Эта вещь определенно была тангутской – еще из тех времен, когда мудрый и отважный писарь Курбустан-акая, Великий Будда Шакья-Мине-Бурхан, сбрасывал в Мировой океан не желающих покориться мужчин из племени Дракона. Но сюжет отливки был из еще более далеких времен.
Древний мастер точно и на удивление просто изобразил начальное событие истории Вселенной: схватку Отца-неба в виде птицы Гар и Матери-воды в виде змеи Map. He узнавшие друг друга в новом обличье супруги гнались один за другим по кругу, этим и задавая устойчивость всему срединному миру и на глазах обретая черты соперника.
Курбан придвинул отливку поближе. Действительно, змея Map уже начала обрастать перьями, а из ее лопаток уже пробивались пока еще еле заметные перепончатые крылышки будущего дракона Мармара.
То же происходило и с птицей Гар, уже начавшей покрываться прочной броней змеиной чешуи и жадно высунувшей из широко раскрытого клюва длинный змеиный язык будущей птицы Гаруды. Эта взаимная трансформация делала супругов на удивление похожими и явно обещала наступление времен, когда разное окончательно сольется в одно и станет неотличимо.

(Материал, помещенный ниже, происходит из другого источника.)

(* Let $n,m$ be positive integers and $\mathbf{r}=(r_1,\dots,r_m)$, $\mathbf{s}=(s_1,\dots,s_m)$ sequences of nonnegative integers with sums $r$ and $s$. Then $|\mathrm{SB}^-(n,\mathbf{r},\mathbf{s})| = |\mathrm{SP}(n,r,s,m)|$.
   Context: Selberg permutations: let $A(n,r,s,m)$ be the set of distinct letters $x_i$ ($1\le i\le n$), $a_{ij}^{(k)}$ ($1\le i<j\le n$, $1\le k\le m$), $b_i^{(k)}$ ($1\le i\le n$, $1\le k\le r$), $c_i^{(k)}$ ($1\le i\le n$, $1\le k\le s$). $\mathrm{SP}(n,r,s,m)$ is the set of permutations (linear orderings) of $A(n,r,s,m)$ in which $x_1,\dots,x_n$ appear in this order, each $a_{ij}^{(k)}$ lies between $x_i$ and $x_j$, each $b_i^{(k)}$ lies before $x_i$, and each $c_i^{(k)}$ lies after $x_i$. Books: for nonnegative integers $p,q$, the $(n,p,q)^-$-staircase is the set of cells $(i,j)$ (row $i$, column $j$) with $1\le i\le p+n$, $1\le j\le n+q$, $i\le j+p$, excluding those with $i\le p$ and $j>n$; the cell $(j+p,j)$ ($1\le j\le n$) is its $j$th diagonal cell (so row $i>p$ contains the diagonal cell $(i,i-p)$, column $j\le n$ contains $(j+p,j)$, and other rows/columns contain none). Let page $i$ be the $(n,r_i,s_i)^-$-staircase, $1\le i\le m$, and identify the $j$th diagonal cells of all pages for each $j$. An $(n,\mathbf{r},\mathbf{s})^-$-Selberg book is a filling of the resulting cells with $1,\dots,(r+s+1)n+m\binom n2$, each used once, such that in each page every non-diagonal cell has entry larger than that of the diagonal cell in its row (if any) and smaller than that of the diagonal cell in its column (if any). $\mathrm{SB}^-(n,\mathbf{r},\mathbf{s})$ is the set of these. *)

theory Defs
  imports Main "HOL-Library.FuncSet"
begin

Курбан сосредоточился и вытащил из памяти последнее, что ему сказал третий апокалипсический спутник Эрлика-хана – Пречестный Вепрь: «Пусть сын Дракона станет сыном Птицы и станет жертвой между ними в час слияния…»
И место, и время, и сама жертва были точно указаны, но пока зацепиться было не за что, и Курбан развернул покоробленную карту своей земли. Провел по ней взглядом и даже взмок от озарившей его догадки. Место принесения будущей жертвы он уже знал.
Когда, уже в октябре, Кан Ся вернулся в Айгунь, города не существовало. Русская артиллерия разнесла практически каждый дом и почти стерла с лица земли стоящий за Амуром извечный город-близнец Благовещенска. И только дом Кан Ся на первый взгляд выглядел как и прежде.
Кан Ся, прихрамывая, прошел к двери, толкнул ее и вошел.
– Чу! – позвал он. – Где ты, Чу?!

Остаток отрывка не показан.